Expat Journal: Facing my fears
This week in a guest editorial, we invite a novice young expat, Louise Osborne, 22, to detail her experiences moving to Germany as an au pair.
This is not the first time that I have lived abroad, actually. During my third year studying English and linguistics at Roehampton University in London, I was required to do a year at a Spanish University.
I'll admit that year wasn't such a great success.
I partied too much, spent too much time in a drunken haze and found myself depressed, home sick and eager to go home to my boyfriend, friends and family.
That came as a shock -- I had always wanted to travel, experience new cultures and learn new languages. I realized, though, how difficult it was to be alone and far away from home. So you can imagine I wasn't eager to do it again.
You would be wrong.
After university ended in June, I had itchy feet. I couldn't help it. I had dreams of becoming a journalist, and an empty and uncertain future lay before me. I also had a German friend I had made in Spain, who was always there for me to talk to and comfort me -- in my language. Maybe it was time to return the favour -- in hers.
And besides, with some maybe heavily filtered retrospection, I realized that while my time in Spain included some of the worst times in my life, they also included some of the best.
I struggled with the decision. But in the end, I decided to try and overcome my fears. The best way to begin was to find a job that let me live rent-free. I had a friend that had had a great experience living with a family as an au pair so I decided to register onto the website, aupairworld.net. I received many offers from families and finally chose one that I felt would suit me.
I arranged an initial visit with the family to meet them and see where they lived. I arrived in Mainz and made my way by bus to their home. The first day was great, as I got to know the family: a Canadian-German couple with two children. The mum and I quickly learned that we shared a love of American TV shows -- we would watch them once the children were in bed.
And still, things started to go wrong.
For example, even though I had studied German at school, I found communicating with the children tough: the eldest, at 3, preferred to speak German.
And when I went to the language school to sign up for German classes, they wanted to test my written and spoken German in order to place me in the appropriate class. A hard-looking German woman came in to listen to me speak. I blanked.
I started thinking about what it would mean to actually live in Germany and be away from home again. Contracts for au pairs in Germany dictate that one can only work 30 hours a week, which is a dream to many. But I started to panic that in my free time, I would get bored and not know what to do with myself. In truth, I was scared that I would get in the same situation that I had found myself in Spain. My fears resurfaced.
When I returned to the UK, I debated returning to Germany -- I thought it might be a mistake. But the thought of letting down my friend and the family who wanted to take me into their home stopped me.
Reluctantly, I packed my bags, said goodbye to my world once again and made the journey to my new home.

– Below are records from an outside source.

lemma real_le_totient_div_two_pow:
  assumes "0 < n"
  shows "real n \<le> 16 ^ 16 * (real (totient n) / 2 ^ card (prime_factors n)) ^ 2"
proof -
  let ?F = "prime_factors n"
  let ?h = "\<lambda>p. real (p ^ (multiplicity p n - 1) * (p - 1)) / 2"
  have "real n = (\<Prod>p\<in>?F. real (p ^ multiplicity p n))"
    using prime_factorization_nat[OF assms] by (metis of_nat_prod)
  also have "\<dots> \<le> (\<Prod>p\<in>?F. (if p < 16 then 16 else 1) * ?h p ^ 2)"
    by (intro prod_mono conjI prime_power_le_totient_factor)
       (auto simp: prime_factors_multiplicity)
  also have "\<dots> = 16 ^ card {p \<in> ?F. p < 16} * (\<Prod>p\<in>?F. ?h p) ^ 2"
    by (simp add: prod.distrib prod_power_distrib prod.inter_filter[symmetric])
  also have "16 ^ card {p \<in> ?F. p < 16} \<le> (16 ^ 16 :: real)"
    using card_mono[of "{..<16}" "{p \<in> ?F. p < 16}"] by (intro power_increasing) auto
  also have "(\<Prod>p\<in>?F. ?h p) = real (totient n) / 2 ^ card ?F"
    using totient_formula1[OF assms] by (simp add: prod_dividef)
  finally show ?thesis
    by (simp add: mult_right_mono)
qed

lemma eventually_two_pow_card_prime_factors_less:
  assumes "0 < \<delta>"
  shows "\<exists>n0. \<forall>n\<ge>n0. 2 ^ card (prime_factors n) < \<delta> * real (totient n)"
proof (intro exI allI impI)
  fix n assume n: "nat \<lceil>16 ^ 16 / \<delta>\<^sup>2\<rceil> + 1 \<le> n"
  define G where "G = real (totient n) / 2 ^ card (prime_factors n)"
  have "16 ^ 16 / \<delta>\<^sup>2 < real n"
    using n by linarith
  also have "real n \<le> 16 ^ 16 * G\<^sup>2"
    unfolding G_def using n by (intro real_le_totient_div_two_pow) simp
  finally have "1 < (\<delta> * G)\<^sup>2"
    using assms by (simp add: field_simps power_mult_distrib)
  moreover have "0 \<le> \<delta> * G"
    unfolding G_def using assms by simp
  ultimately have "1 < \<delta> * G"
    by (smt (verit) one_less_power power2_eq_square power_le_one)
  then show "2 ^ card (prime_factors n) < \<delta> * real (totient n)"
    unfolding G_def by (simp add: field_simps)
qed
theorem lemma13:
  fixes n d :: nat
  assumes "n \<ge> 1" and "d \<ge> 1"
  shows "real (treewidth (grid n d)) \<ge> 2 / (9 * real d) * real n ^ (d - 1) - 1"
proof -
  let ?tw = "treewidth (grid n d)"
  obtain T B where td: "tree_decomposition (grid n d) T B"
    and width: "\<forall>t\<in>fst T. card (B t) \<le> ?tw + 1"
    using treewidth_attained[of "grid n d"] adj_grid_in_vertices by auto
  obtain t where t: "t \<in> fst T" and balanced:
    "\<forall>u. 2 * card (component_in (grid n d) (grid_vertices n d - B t) u) \<le> card (grid_vertices n d)"
    using tree_decomposition_balanced_bag[OF td] finite_grid_vertices by auto
  have "B t \<subseteq> grid_vertices n d"
    using td t by (simp add: tree_decomposition_def)
  then have "n ^ (d - 1) \<le> 2 * d * card (B t)"
    using card_grid_balanced_separator_ge assms balanced by blast
  also have "\<dots> \<le> 2 * d * (?tw + 1)"
    using width t by (intro mult_le_mono2) blast
  finally have "real (n ^ (d - 1)) \<le> real (2 * d * (?tw + 1))"
    by (simp only: of_nat_le_iff)
  then have "real n ^ (d - 1) \<le> 2 * real d * (real ?tw + 1)"
    by (simp add: algebra_simps)
  then have "2 / (9 * real d) * real n ^ (d - 1) \<le> 4 / 9 * (real ?tw + 1)"
    using assms by (simp add: field_simps)
  also have "\<dots> \<le> real ?tw + 1"
    by simp
  finally show ?thesis
    by simp
qed

end
(* Let $n\ge 1$ be an integer and let $A_1,A_2,A_4>0$ be constants. For each $\alpha$ in some interval $(0,\alpha_0)$ let $u^\alpha,\bar u^\alpha:\mathbb{R}\to\mathbb{R}$ be functions with $u^\alpha\in C^1(\mathbb{R})$ and $\bar u^\alpha\in C^{2n}(\mathbb{R})$ satisfying $$|u^\alpha|<A_1,\quad |\bar u^\alpha|<A_1,\qquad \int_{\mathbb{R}}|u^\alpha_x|\,dx<A_2,\quad \int_{\mathbb{R}}|\bar u^\alpha_x|\,dx<A_2,$$ $$\left\|\frac{\partial^j}{\partial x^j}\bar u^\alpha\right\|_{L^\infty}<\frac{A_4}{\alpha^j}\qquad\text{for } 1\le j\le 2n-1.$$ Let $f\in C^\infty(\mathbb{R})$ have compact support. Then $$\lim_{\alpha\to 0}\ \alpha^{2n}\int_{-\infty}^{\infty}\left(\frac{\partial^{2n}}{\partial x^{2n}}\bar u^\alpha\right)\bar u^\alpha_x\, f\,dx=0.$$ *)

theory Defs
  imports "HOL-Analysis.Analysis"
begin

definition Ck :: "nat \<Rightarrow> (real \<Rightarrow> real) \<Rightarrow> bool" where
  "Ck k f \<longleftrightarrow>
     (\<forall>j<k. \<forall>x. ((deriv ^^ j) f has_real_derivative (deriv ^^ Suc j) f x) (at x))
     \<and> continuous_on UNIV ((deriv ^^ k) f)"

definition Cinf :: "(real \<Rightarrow> real) \<Rightarrow> bool" where
  "Cinf f \<longleftrightarrow> (\<forall>k. Ck k f)"

definition has_compact_support :: "(real \<Rightarrow> real) \<Rightarrow> bool" where
  "has_compact_support f \<longleftrightarrow> compact (closure {x. f x \<noteq> 0})"

end

theory Submission
  imports Defs
begin

(* Let N = 2n - 1 and I(p,q,c) = \<integral> ubar^(p+1) ubar^(q+1) f^(c). Since f has compact support,
   integration by parts gives I(p+1,q,c) + I(p,q+1,c) + I(p,q,c+1) = 0. Applying it N times moves all
   derivatives from the first factor to the second: I(N,0,0) = (-1)^N I(0,N,0) up to terms I(p,0,c+1)
   with p < N, in which a derivative has landed on f. As N is odd and I is symmetric in p and q,
   2 I(N,0,0) is a sum of such terms. By the sup bound on ubar^(p+1) and the L1 bound on ubar', each of
   them is O(\<alpha>^-(p+1)), hence o(\<alpha>^-2n). *)

lemma Ck_has_real_derivative:
  assumes "Ck k g" "j < k"
  shows "((deriv ^^ j) g has_real_derivative (deriv ^^ Suc j) g x) (at x)"
  using assms unfolding Ck_def by blast
lemma riemann_step_tendsto:
  assumes "T > 0" "x \<in> {0<..<T}" "isCont g x"
  shows "(\<lambda>N. riemann_step g T N x) \<longlonglongrightarrow> g x"
proof -
  define y where "y N = real (nat \<lfloor>x * real N / T\<rfloor>) * (T / real N)" for N
  have ev: "eventually (\<lambda>N. riemann_step g T N x = g (y N) \<and> x - T / real N < y N \<and> y N \<le> x) sequentially"
    using eventually_gt_at_top[of "nat \<lceil>T / x\<rceil>"]
  proof eventually_elim
    case (elim N)
    then have "T / x < real N" by linarith
    with assms(2) have "N > 0" "x - T / real N < y N" "y N \<le> x" "nat \<lfloor>x * real N / T\<rfloor> \<in> {1..N-1}"
      using floor_grid_point[of x T N] unfolding y_def by auto
    then show ?case
      using riemann_step_eq[OF assms(1)] assms(2) unfolding y_def by simp
  qed
  have "(\<lambda>N. T / real N) \<longlonglongrightarrow> 0"
    by (intro tendsto_divide_0[OF tendsto_const] filterlim_real_sequentially
        filterlim_at_top_imp_at_infinity)
  then have "(\<lambda>N. x - T / real N) \<longlonglongrightarrow> x"
    using tendsto_diff[OF tendsto_const] by fastforce
  then have "y \<longlonglongrightarrow> x"
    by (rule tendsto_sandwich[rotated 2, OF _ tendsto_const])
      (use ev in \<open>auto elim: eventually_mono\<close>)
  then have "(\<lambda>N. g (y N)) \<longlonglongrightarrow> g x"
    using assms(3) isCont_tendsto_compose by blast
  then show ?thesis
    by (rule Lim_transform_eventually) (use ev in \<open>auto elim: eventually_mono\<close>)
qed

lemma riemann_sum_tendsto_integral:
  fixes g :: "real \<Rightarrow> real"
  assumes "T > 0" "continuous_on {0<..<T} g" "bounded (g ` {0<..<T})"
  shows "(\<lambda>N. \<Sum>k=1..N-1. T / real N * g (real k * (T / real N))) \<longlonglongrightarrow> integral {0..T} g"
proof -
  obtain B where B: "\<And>t. t \<in> {0<..<T} \<Longrightarrow> \<bar>g t\<bar> \<le> B"
    using assms(3) unfolding bounded_iff by (auto simp del: greaterThanLessThan_iff)
  have "0 \<le> B" using B[of "T/2"] assms(1) by auto
  have "(\<lambda>N. integral {0<..<T} (riemann_step g T N)) \<longlonglongrightarrow> integral {0<..<T} g"
  proof (rule dominated_convergence(2))
    show "riemann_step g T N integrable_on {0<..<T}" for N
      using has_integral_riemann_step[OF assms(1)] by blast
    show "(\<lambda>_. B) integrable_on {0<..<T}"
      unfolding integrable_on_open_interval_real by (rule integrable_const_ivl)
    show "norm (riemann_step g T N x) \<le> B" if "x \<in> {0<..<T}" for N x
      using riemann_step_abs_le[OF assms(1) \<open>0 \<le> B\<close> B that] by simp
    show "(\<lambda>N. riemann_step g T N x) \<longlonglongrightarrow> g x" if "x \<in> {0<..<T}" for x
      using riemann_step_tendsto[OF assms(1) that] assms(2) that
      by (simp add: continuous_on_eq_continuous_at)
  qed
  then show ?thesis
    using has_integral_riemann_step[OF assms(1), THEN integral_unique]
    by (simp add: integral_open_interval_real)
qed

section \<open>Second differences of a second order process\<close>

lemma power2_sum3_le: "((u::real) + v + w)\<^sup>2 \<le> 3 * (u\<^sup>2 + v\<^sup>2 + w\<^sup>2)"
proof -
  have "0 \<le> (u - v)\<^sup>2 + (v - w)\<^sup>2 + (u - w)\<^sup>2" by simp
  then show ?thesis by (simp add: power2_eq_square algebra_simps)
qed

lemma integrable_power2_add:
  fixes f g :: "'a \<Rightarrow> real"
  assumes "f \<in> borel_measurable M" "g \<in> borel_measurable M"
    and "integrable M (\<lambda>\<omega>. (f \<omega>)\<^sup>2)" "integrable M (\<lambda>\<omega>. (g \<omega>)\<^sup>2)"
  shows "integrable M (\<lambda>\<omega>. (f \<omega> + g \<omega>)\<^sup>2)"
proof (rule Bochner_Integration.integrable_bound)
  show "integrable M (\<lambda>\<omega>. 2 * ((f \<omega>)\<^sup>2 + (g \<omega>)\<^sup>2))" using assms by auto
  show "(\<lambda>\<omega>. (f \<omega> + g \<omega>)\<^sup>2) \<in> borel_measurable M" using assms by auto
  have "(u + v)\<^sup>2 \<le> 2 * (u\<^sup>2 + v\<^sup>2)" for u v :: real
  proof -
    have "0 \<le> (u - v)\<^sup>2" by simp
    then show ?thesis by (simp add: power2_eq_square algebra_simps)
  qed
  then show "AE \<omega> in M. norm ((f \<omega> + g \<omega>)\<^sup>2) \<le> norm (2 * ((f \<omega>)\<^sup>2 + (g \<omega>)\<^sup>2))"
    by simp
qed

lemma
  fixes f g k :: "'a \<Rightarrow> real"
  assumes meas: "f \<in> borel_measurable M" "g \<in> borel_measurable M" "k \<in> borel_measurable M"
    and sq: "integrable M (\<lambda>\<omega>. (f \<omega>)\<^sup>2)" "integrable M (\<lambda>\<omega>. (g \<omega>)\<^sup>2)" "integrable M (\<lambda>\<omega>. (k \<omega>)\<^sup>2)"
  shows integrable_power2_second_difference: "integrable M (\<lambda>\<omega>. (f \<omega> - 2 * g \<omega> + k \<omega>)\<^sup>2)"
    and integral_power2_second_difference_le: "(\<integral>\<omega>. (f \<omega> - 2 * g \<omega> + k \<omega>)\<^sup>2 \<partial>M) \<le>
      3 * ((\<integral>\<omega>. (f \<omega>)\<^sup>2 \<partial>M) + 4 * (\<integral>\<omega>. (g \<omega>)\<^sup>2 \<partial>M) + (\<integral>\<omega>. (k \<omega>)\<^sup>2 \<partial>M))"
proof -
  have g2: "(\<lambda>\<omega>. -2 * g \<omega>) \<in> borel_measurable M" "integrable M (\<lambda>\<omega>. (-2 * g \<omega>)\<^sup>2)"
    using meas(2) sq(2) by (simp_all add: power_mult_distrib)
  have "integrable M (\<lambda>\<omega>. (f \<omega> + -2 * g \<omega>)\<^sup>2)"
    by (rule integrable_power2_add[OF meas(1) g2(1) sq(1) g2(2)])
  moreover have "(\<lambda>\<omega>. f \<omega> + -2 * g \<omega>) \<in> borel_measurable M"
    using meas(1) g2(1) by (rule borel_measurable_add)
  ultimately have "integrable M (\<lambda>\<omega>. (f \<omega> + -2 * g \<omega> + k \<omega>)\<^sup>2)"
    using integrable_power2_add[OF _ meas(3) _ sq(3)] by blast
  then show integrable: "integrable M (\<lambda>\<omega>. (f \<omega> - 2 * g \<omega> + k \<omega>)\<^sup>2)"
    by simp
  have "(\<integral>\<omega>. (f \<omega> - 2 * g \<omega> + k \<omega>)\<^sup>2 \<partial>M) \<le> (\<integral>\<omega>. 3 * ((f \<omega>)\<^sup>2 + 4 * (g \<omega>)\<^sup>2 + (k \<omega>)\<^sup>2) \<partial>M)"
    using integrable sq power2_sum3_le[of "f _" "-2 * g _" "k _"]
    by (intro integral_mono) (simp_all add: power_mult_distrib)
  also have "\<dots> = 3 * ((\<integral>\<omega>. (f \<omega>)\<^sup>2 \<partial>M) + 4 * (\<integral>\<omega>. (g \<omega>)\<^sup>2 \<partial>M) + (\<integral>\<omega>. (k \<omega>)\<^sup>2 \<partial>M))"
    using sq by simp
  finally show "(\<integral>\<omega>. (f \<omega> - 2 * g \<omega> + k \<omega>)\<^sup>2 \<partial>M) \<le>
      3 * ((\<integral>\<omega>. (f \<omega>)\<^sup>2 \<partial>M) + 4 * (\<integral>\<omega>. (g \<omega>)\<^sup>2 \<partial>M) + (\<integral>\<omega>. (k \<omega>)\<^sup>2 \<partial>M))" .
qed

lemma
  assumes X: "second_order_process M T X" and abc: "a \<in> {0..T}" "b \<in> {0..T}" "c \<in> {0..T}"
  shows integrable_second_difference: "integrable M (\<lambda>\<omega>. (X a \<omega> - 2 * X b \<omega> + X c \<omega>)\<^sup>2)"
    and integral_second_difference_le_increments:
      "(\<integral>\<omega>. (X a \<omega> - 2 * X b \<omega> + X c \<omega>)\<^sup>2 \<partial>M) \<le>
        3 * ((\<integral>\<omega>. (X a \<omega> - X 0 \<omega>)\<^sup>2 \<partial>M) + 4 * (\<integral>\<omega>. (X b \<omega> - X 0 \<omega>)\<^sup>2 \<partial>M)
          + (\<integral>\<omega>. (X c \<omega> - X 0 \<omega>)\<^sup>2 \<partial>M))"
proof -
  have meas: "X s \<in> borel_measurable M" and sq: "integrable M (\<lambda>\<omega>. (X s \<omega>)\<^sup>2)"
    if "s \<in> {0..T}" for s
    using X that unfolding second_order_process_def by auto
  have "0 \<in> {0..T}" using abc by auto
  have incr: "(\<lambda>\<omega>. X s \<omega> - X 0 \<omega>) \<in> borel_measurable M" "integrable M (\<lambda>\<omega>. (X s \<omega> - X 0 \<omega>)\<^sup>2)"
    if "s \<in> {0..T}" for s
    using integrable_power2_add[of "X s" M "\<lambda>\<omega>. - X 0 \<omega>"] meas[OF that] sq[OF that]
      meas[OF \<open>0 \<in> {0..T}\<close>] sq[OF \<open>0 \<in> {0..T}\<close>]
    by simp_all
  have second_difference: "(\<lambda>\<omega>. (X a \<omega> - 2 * X b \<omega> + X c \<omega>)\<^sup>2) =
      (\<lambda>\<omega>. ((X a \<omega> - X 0 \<omega>) - 2 * (X b \<omega> - X 0 \<omega>) + (X c \<omega> - X 0 \<omega>))\<^sup>2)"
    by (simp add: algebra_simps)
  show "integrable M (\<lambda>\<omega>. (X a \<omega> - 2 * X b \<omega> + X c \<omega>)\<^sup>2)"
    unfolding second_difference using incr abc by (intro integrable_power2_second_difference)
  show "(\<integral>\<omega>. (X a \<omega> - 2 * X b \<omega> + X c \<omega>)\<^sup>2 \<partial>M) \<le>
        3 * ((\<integral>\<omega>. (X a \<omega> - X 0 \<omega>)\<^sup>2 \<partial>M) + 4 * (\<integral>\<omega>. (X b \<omega> - X 0 \<omega>)\<^sup>2 \<partial>M)
          + (\<integral>\<omega>. (X c \<omega> - X 0 \<omega>)\<^sup>2 \<partial>M))"
    unfolding second_difference using incr abc by (intro integral_power2_second_difference_le)
qed

lemma cond_C1_increment_moment_bound:
  assumes "cond_C1 M X \<gamma>"
  obtains K \<delta> where "0 \<le> K" "0 < \<delta>"
    "\<And>s. 0 \<le> s \<Longrightarrow> s < \<delta> \<Longrightarrow> (\<integral>\<omega>. (X s \<omega> - X 0 \<omega>)\<^sup>2 \<partial>M) \<le> K * s powr (2 * \<gamma>)"
proof -
  obtain C where C: "C > 0"
    "eventually (\<lambda>s. norm (sigma_X M X 0 s) \<le> C * norm (s powr \<gamma>)) (at_right 0)"
    using assms unfolding cond_C1_def by (elim landau_o.bigE)
  then obtain \<delta> where \<delta>: "\<delta> > 0"
    "\<And>s. 0 < s \<Longrightarrow> s < \<delta> \<Longrightarrow> norm (sigma_X M X 0 s) \<le> C * norm (s powr \<gamma>)"
    unfolding eventually_at_right_field by auto
  have "(\<integral>\<omega>. (X s \<omega> - X 0 \<omega>)\<^sup>2 \<partial>M) \<le> C\<^sup>2 * s powr (2 * \<gamma>)" if s: "0 \<le> s" "s < \<delta>" for s
  proof (cases "s = 0")
    case False
    define Q where "Q = (\<integral>\<omega>. (X s \<omega> - X 0 \<omega>)\<^sup>2 \<partial>M)"
    have "0 \<le> Q" unfolding Q_def by simp
    have "sqrt Q \<le> C * s powr \<gamma>"
      using \<delta>(2)[of s] s False by (simp add: sigma_X_def Q_def)
    then have "(sqrt Q)\<^sup>2 \<le> (C * s powr \<gamma>)\<^sup>2"
      using \<open>0 \<le> Q\<close> by (intro power_mono) auto
    also have "(C * s powr \<gamma>)\<^sup>2 = C\<^sup>2 * s powr (2 * \<gamma>)"
      using s False by (simp add: power_mult_distrib power2_eq_square powr_add[symmetric])
    finally show ?thesis using \<open>0 \<le> Q\<close> by (simp add: Q_def)
  qed simp
  then show ?thesis using that[of "C\<^sup>2" \<delta>] \<delta>(1) by simp
qed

Two months later, I can’t believe I was scared and reluctant to move to Germany. I love living with the family and being integrated into the German community. The eldest child has developed her English but even when she speaks in German, I can finally understand her.
At the beginning of the experience I couldn’t wait to go home. But now, I know that when it comes time to leave, I won’t want to go. Even though it can be difficult living with a family that is not your own, it is so rewarding watching the family and children grow. It has also been great to see how everything functions in Germany and learning to adapt myself. Facing my initial fears has made them disappear completely and now all I want to do is travel and experience even more.